Copy every line below that has the word "assumes" in it.

Segment Open

text \<open>Row indices of the systems produced by eliminating variables: \<open>Keep i\<close> is a row not involving
  the eliminated variable, \<open>Comb i j\<close> the combination of a row with positive and one with negative
  coefficient that cancels it. A single index type thus serves for all elimination steps.\<close>

datatype 'r fm_row = Orig 'r | Keep "'r fm_row" | Comb "'r fm_row" "'r fm_row"

definition fm_rows :: "('r fm_row \<Rightarrow> 'v \<Rightarrow> real) \<Rightarrow> 'v \<Rightarrow> 'r fm_row set \<Rightarrow> 'r fm_row set" where
  "fm_rows M v0 I = Keep ` {i\<in>I. M i v0 = 0} \<union>
     (\<lambda>(i, j). Comb i j) ` ({i\<in>I. 0 < M i v0} \<times> {j\<in>I. M j v0 < 0})"

definition fm_comb :: "('r fm_row \<Rightarrow> 'v \<Rightarrow> real) \<Rightarrow> 'v \<Rightarrow> ('r fm_row \<Rightarrow> real) \<Rightarrow> 'r fm_row \<Rightarrow> real" where
  "fm_comb M v0 F k =
     (case k of Keep i \<Rightarrow> F i | Comb i j \<Rightarrow> (- M j v0) * F i + M i v0 * F j | Orig _ \<Rightarrow> 0)"

definition fm_pullback :: "('r fm_row \<Rightarrow> 'v \<Rightarrow> real) \<Rightarrow> 'v \<Rightarrow> 'r fm_row set
    \<Rightarrow> ('r fm_row \<Rightarrow> real) \<Rightarrow> 'r fm_row \<Rightarrow> real" where
  "fm_pullback M v0 I y' i =
     (if M i v0 = 0 then y' (Keep i)
      else if 0 < M i v0 then (\<Sum>j\<in>{j\<in>I. M j v0 < 0}. y' (Comb i j) * (- M j v0))
      else (\<Sum>i'\<in>{i'\<in>I. 0 < M i' v0}. y' (Comb i' i) * M i' v0))"

lemma fm_comb_simps [simp]:
  "fm_comb M v0 F (Keep i) = F i"
  "fm_comb M v0 F (Comb i j) = (- M j v0) * F i + M i v0 * F j"
  by (simp_all add: fm_comb_def)

lemma fm_rows_memI:
  "i \<in> I \<Longrightarrow> M i v0 = 0 \<Longrightarrow> Keep i \<in> fm_rows M v0 I"
  "i \<in> I \<Longrightarrow> j \<in> I \<Longrightarrow> 0 < M i v0 \<Longrightarrow> M j v0 < 0 \<Longrightarrow> Comb i j \<in> fm_rows M v0 I"
  by (auto simp: fm_rows_def)

lemma finite_fm_rows: "finite I \<Longrightarrow> finite (fm_rows M v0 I)"
  by (simp add: fm_rows_def)

lemma sum_fm_pullback:
  assumes fin: "finite I"
  shows "(\<Sum>i\<in>I. fm_pullback M v0 I y' i * F i) = (\<Sum>k\<in>fm_rows M v0 I. y' k * fm_comb M v0 F k)"
proof -
  define I0 where "I0 = {i\<in>I. M i v0 = 0}"
  define Ip where "Ip = {i\<in>I. 0 < M i v0}"
  define In where "In = {i\<in>I. M i v0 < 0}"
  have fin': "finite I0" "finite Ip" "finite In" using fin by (auto simp: I0_def Ip_def In_def)
  have "(\<Sum>k\<in>fm_rows M v0 I. y' k * fm_comb M v0 F k)
      = (\<Sum>k\<in>Keep ` I0. y' k * fm_comb M v0 F k)
        + (\<Sum>k\<in>(\<lambda>(i, j). Comb i j) ` (Ip \<times> In). y' k * fm_comb M v0 F k)"
    unfolding fm_rows_def I0_def[symmetric] Ip_def[symmetric] In_def[symmetric]
    by (rule sum.union_disjoint) (use fin' in auto)
  also have "(\<Sum>k\<in>Keep ` I0. y' k * fm_comb M v0 F k) = (\<Sum>i\<in>I0. y' (Keep i) * F i)"
    by (subst sum.reindex) (auto simp: inj_on_def)
  also have "(\<Sum>k\<in>(\<lambda>(i, j). Comb i j) ` (Ip \<times> In). y' k * fm_comb M v0 F k)
      = (\<Sum>(i, j)\<in>Ip \<times> In. y' (Comb i j) * (- M j v0) * F i)
        + (\<Sum>(i, j)\<in>Ip \<times> In. y' (Comb i j) * M i v0 * F j)"
    by (subst sum.reindex) (auto simp: inj_on_def sum.distrib[symmetric] algebra_simps intro!: sum.cong)
  also have "(\<Sum>(i, j)\<in>Ip \<times> In. y' (Comb i j) * (- M j v0) * F i)
      = (\<Sum>i\<in>Ip. (\<Sum>j\<in>In. y' (Comb i j) * (- M j v0)) * F i)"
    by (simp add: sum.cartesian_product[symmetric] sum_distrib_right)
  also have "(\<Sum>(i, j)\<in>Ip \<times> In. y' (Comb i j) * M i v0 * F j)
      = (\<Sum>j\<in>In. (\<Sum>i\<in>Ip. y' (Comb i j) * M i v0) * F j)"
    by (simp add: sum.cartesian_product[symmetric] sum_distrib_right, subst sum.swap, simp)
  also have "(\<Sum>i\<in>I0. y' (Keep i) * F i) = (\<Sum>i\<in>I0. fm_pullback M v0 I y' i * F i)"
    by (rule sum.cong) (auto simp: I0_def fm_pullback_def)
  also have "(\<Sum>i\<in>Ip. (\<Sum>j\<in>In. y' (Comb i j) * (- M j v0)) * F i)
      = (\<Sum>i\<in>Ip. fm_pullback M v0 I y' i * F i)"
    by (rule sum.cong) (auto simp: Ip_def In_def fm_pullback_def)
  also have "(\<Sum>j\<in>In. (\<Sum>i\<in>Ip. y' (Comb i j) * M i v0) * F j)
      = (\<Sum>i\<in>In. fm_pullback M v0 I y' i * F i)"
    by (rule sum.cong) (auto simp: Ip_def In_def fm_pullback_def)
  also have "(\<Sum>i\<in>I0. fm_pullback M v0 I y' i * F i) + ((\<Sum>i\<in>Ip. fm_pullback M v0 I y' i * F i)
        + (\<Sum>i\<in>In. fm_pullback M v0 I y' i * F i))
      = (\<Sum>i\<in>I0 \<union> (Ip \<union> In). fm_pullback M v0 I y' i * F i)"
    using fin' by (simp add: sum.union_disjoint disjoint_iff I0_def Ip_def In_def)
  also have "I0 \<union> (Ip \<union> In) = I" by (auto simp: I0_def Ip_def In_def)
  finally show ?thesis ..
qed

lemma fm_elim_infeasible:
  assumes fin: "finite I" "finite V" and v0: "v0 \<notin> V"
    and empty: "ineq_polyhedron I (insert v0 V) M b = {}"
  shows "ineq_polyhedron (fm_rows M v0 I) V (\<lambda>k v. fm_comb M v0 (\<lambda>i. M i v) k) (fm_comb M v0 b) = {}"
proof (rule ccontr)
  assume "\<not> ?thesis"
  then obtain x where x: "\<forall>k\<in>fm_rows M v0 I. (\<Sum>v\<in>V. fm_comb M v0 (\<lambda>i. M i v) k * x v) \<le> fm_comb M v0 b k"
    by (auto simp: ineq_polyhedron_def)
  define s where "s i = (\<Sum>v\<in>V. M i v * x v)" for i
  have comb: "(\<Sum>v\<in>V. fm_comb M v0 (\<lambda>i. M i v) (Comb i j) * x v) = (- M j v0) * s i + M i v0 * s j" for i j
    by (simp add: s_def sum_distrib_left sum.distrib[symmetric] algebra_simps)
  have keep: "s i \<le> b i" if "i \<in> I" "M i v0 = 0" for i
    using x fm_rows_memI(1)[of i I M v0] that by (fastforce simp: s_def)
  obtain t where t: "\<forall>i\<in>{i\<in>I. 0 < M i v0} \<union> {i\<in>I. M i v0 < 0}. M i v0 * t + s i \<le> b i"
  proof (rule fourier_motzkin_bound[THEN exE])
    show "\<forall>i\<in>{i\<in>I. 0 < M i v0}. \<forall>j\<in>{j\<in>I. M j v0 < 0}.
        (- M j v0) * s i + M i v0 * s j \<le> (- M j v0) * b i + M i v0 * b j"
    proof (intro ballI)
      fix i j assume "i \<in> {i\<in>I. 0 < M i v0}" "j \<in> {j\<in>I. M j v0 < 0}"
      hence "Comb i j \<in> fm_rows M v0 I" by (auto intro: fm_rows_memI)
      thus "(- M j v0) * s i + M i v0 * s j \<le> (- M j v0) * b i + M i v0 * b j"
        using x comb by fastforce
    qed
  qed (use fin in auto)
  have val: "(\<Sum>v\<in>insert v0 V. M i v * (x(v0 := t)) v) = M i v0 * t + s i" for i
  proof -
    have "(\<Sum>v\<in>V. M i v * (x(v0 := t)) v) = s i"
      unfolding s_def using v0 by (intro sum.cong) auto
    thus ?thesis using fin v0 by (simp add: sum.insert_remove)
  qed
  have "M i v0 * t + s i \<le> b i" if "i \<in> I" for i
    using keep[OF that] t that by (cases "M i v0 = 0") (auto simp: neq_iff)
  hence "x(v0 := t) \<in> ineq_polyhedron I (insert v0 V) M b"
    by (simp add: ineq_polyhedron_def val del: fun_upd_apply)
  thus False using empty by blast
qed

lemma fm_certificate_pullback:
  assumes fin: "finite I"
    and cert: "farkas_certificate (fm_rows M v0 I) V (\<lambda>k v. fm_comb M v0 (\<lambda>i. M i v) k) (fm_comb M v0 b) y'"
  shows "farkas_certificate I (insert v0 V) M b (fm_pullback M v0 I y')"
proof -
  have y'_nonneg: "0 \<le> y' k" if "k \<in> fm_rows M v0 I" for k
    using cert that by (simp add: farkas_certificate_def)
  have "0 \<le> fm_pullback M v0 I y' i" if "i \<in> I" for i
    using that y'_nonneg[OF fm_rows_memI(1)] y'_nonneg[OF fm_rows_memI(2)]
    by (auto simp: fm_pullback_def mult_nonneg_nonpos intro!: sum_nonneg mult_nonneg_nonneg)
  moreover have "(\<Sum>i\<in>I. fm_pullback M v0 I y' i * M i v) = 0" if "v \<in> insert v0 V" for v
  proof (cases "v = v0")
    case True
    have "(\<Sum>k\<in>fm_rows M v0 I. y' k * fm_comb M v0 (\<lambda>i. M i v0) k) = 0"
      by (rule sum.neutral) (auto simp: fm_rows_def)
    thus ?thesis using sum_fm_pullback[OF fin, of M v0 y' "\<lambda>i. M i v0"] True by simp
  next
    case False
    thus ?thesis using that cert sum_fm_pullback[OF fin, of M v0 y' "\<lambda>i. M i v"]
      by (simp add: farkas_certificate_def)
  qed
  moreover have "(\<Sum>i\<in>I. fm_pullback M v0 I y' i * b i) < 0"
    using cert sum_fm_pullback[OF fin, of M v0 y' b] by (simp add: farkas_certificate_def)
  ultimately show ?thesis by (simp add: farkas_certificate_def)
qed

lemma farkas_fm_row:
  fixes M :: "'r fm_row \<Rightarrow> 'v \<Rightarrow> real"
  assumes "finite V" "finite I" "ineq_polyhedron I V M b = {}"
  shows "\<exists>y. farkas_certificate I V M b y"
  using assms
proof (induction V arbitrary: I M b rule: finite_induct)
  case empty
  have "\<not> (\<forall>i\<in>I. 0 \<le> b i)"
    using empty.prems(2) unfolding ineq_polyhedron_def by (auto split: if_splits)
  then obtain i0 where i0: "i0 \<in> I" "b i0 < 0" by (auto simp: not_le)
  have "farkas_certificate I {} M b (\<lambda>i. if i = i0 then 1 else 0)"
    using empty.prems i0 by (simp add: farkas_certificate_def if_distrib[of "\<lambda>z. z * _"] cong: if_cong)
  thus ?case by blast
next
  case (insert v0 V)
  obtain y' where "farkas_certificate (fm_rows M v0 I) V
      (\<lambda>k v. fm_comb M v0 (\<lambda>i. M i v) k) (fm_comb M v0 b) y'"
    using insert.IH[OF finite_fm_rows fm_elim_infeasible] insert.hyps insert.prems by blast
  hence "farkas_certificate I (insert v0 V) M b (fm_pullback M v0 I y')"
    by (rule fm_certificate_pullback[OF insert.prems(1)])
  thus ?case by blast
qed

theorem farkas:
  fixes M :: "'r \<Rightarrow> 'v \<Rightarrow> real"
  assumes fin: "finite I" "finite V" and empty: "ineq_polyhedron I V M b = {}"
  shows "\<exists>y. farkas_certificate I V M b y"
proof -
  define M' where "M' k = (case k of Orig i \<Rightarrow> M i | _ \<Rightarrow> (\<lambda>_. 0))" for k
  define b' where "b' k = (case k of Orig i \<Rightarrow> b i | _ \<Rightarrow> 0)" for k
  have inj: "inj_on Orig I" by (simp add: inj_on_def)
  have "ineq_polyhedron (Orig ` I) V M' b' = {}"
    using empty by (simp add: ineq_polyhedron_def M'_def b'_def)
  then obtain y' where "farkas_certificate (Orig ` I) V M' b' y'"
    using farkas_fm_row fin by blast
  hence "farkas_certificate I V M b (y' \<circ> Orig)"
    by (simp add: farkas_certificate_def sum.reindex[OF inj] M'_def b'_def)
  thus ?thesis by blast
qed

Segment Closed

§ Final answer
  assumes fin: "finite I"
  assumes fin: "finite I" "finite V" and v0: "v0 \<notin> V"
  assumes fin: "finite I"
  assumes "finite V" "finite I" "ineq_polyhedron I V M b = {}"
  assumes fin: "finite I" "finite V" and empty: "ineq_polyhedron I V M b = {}"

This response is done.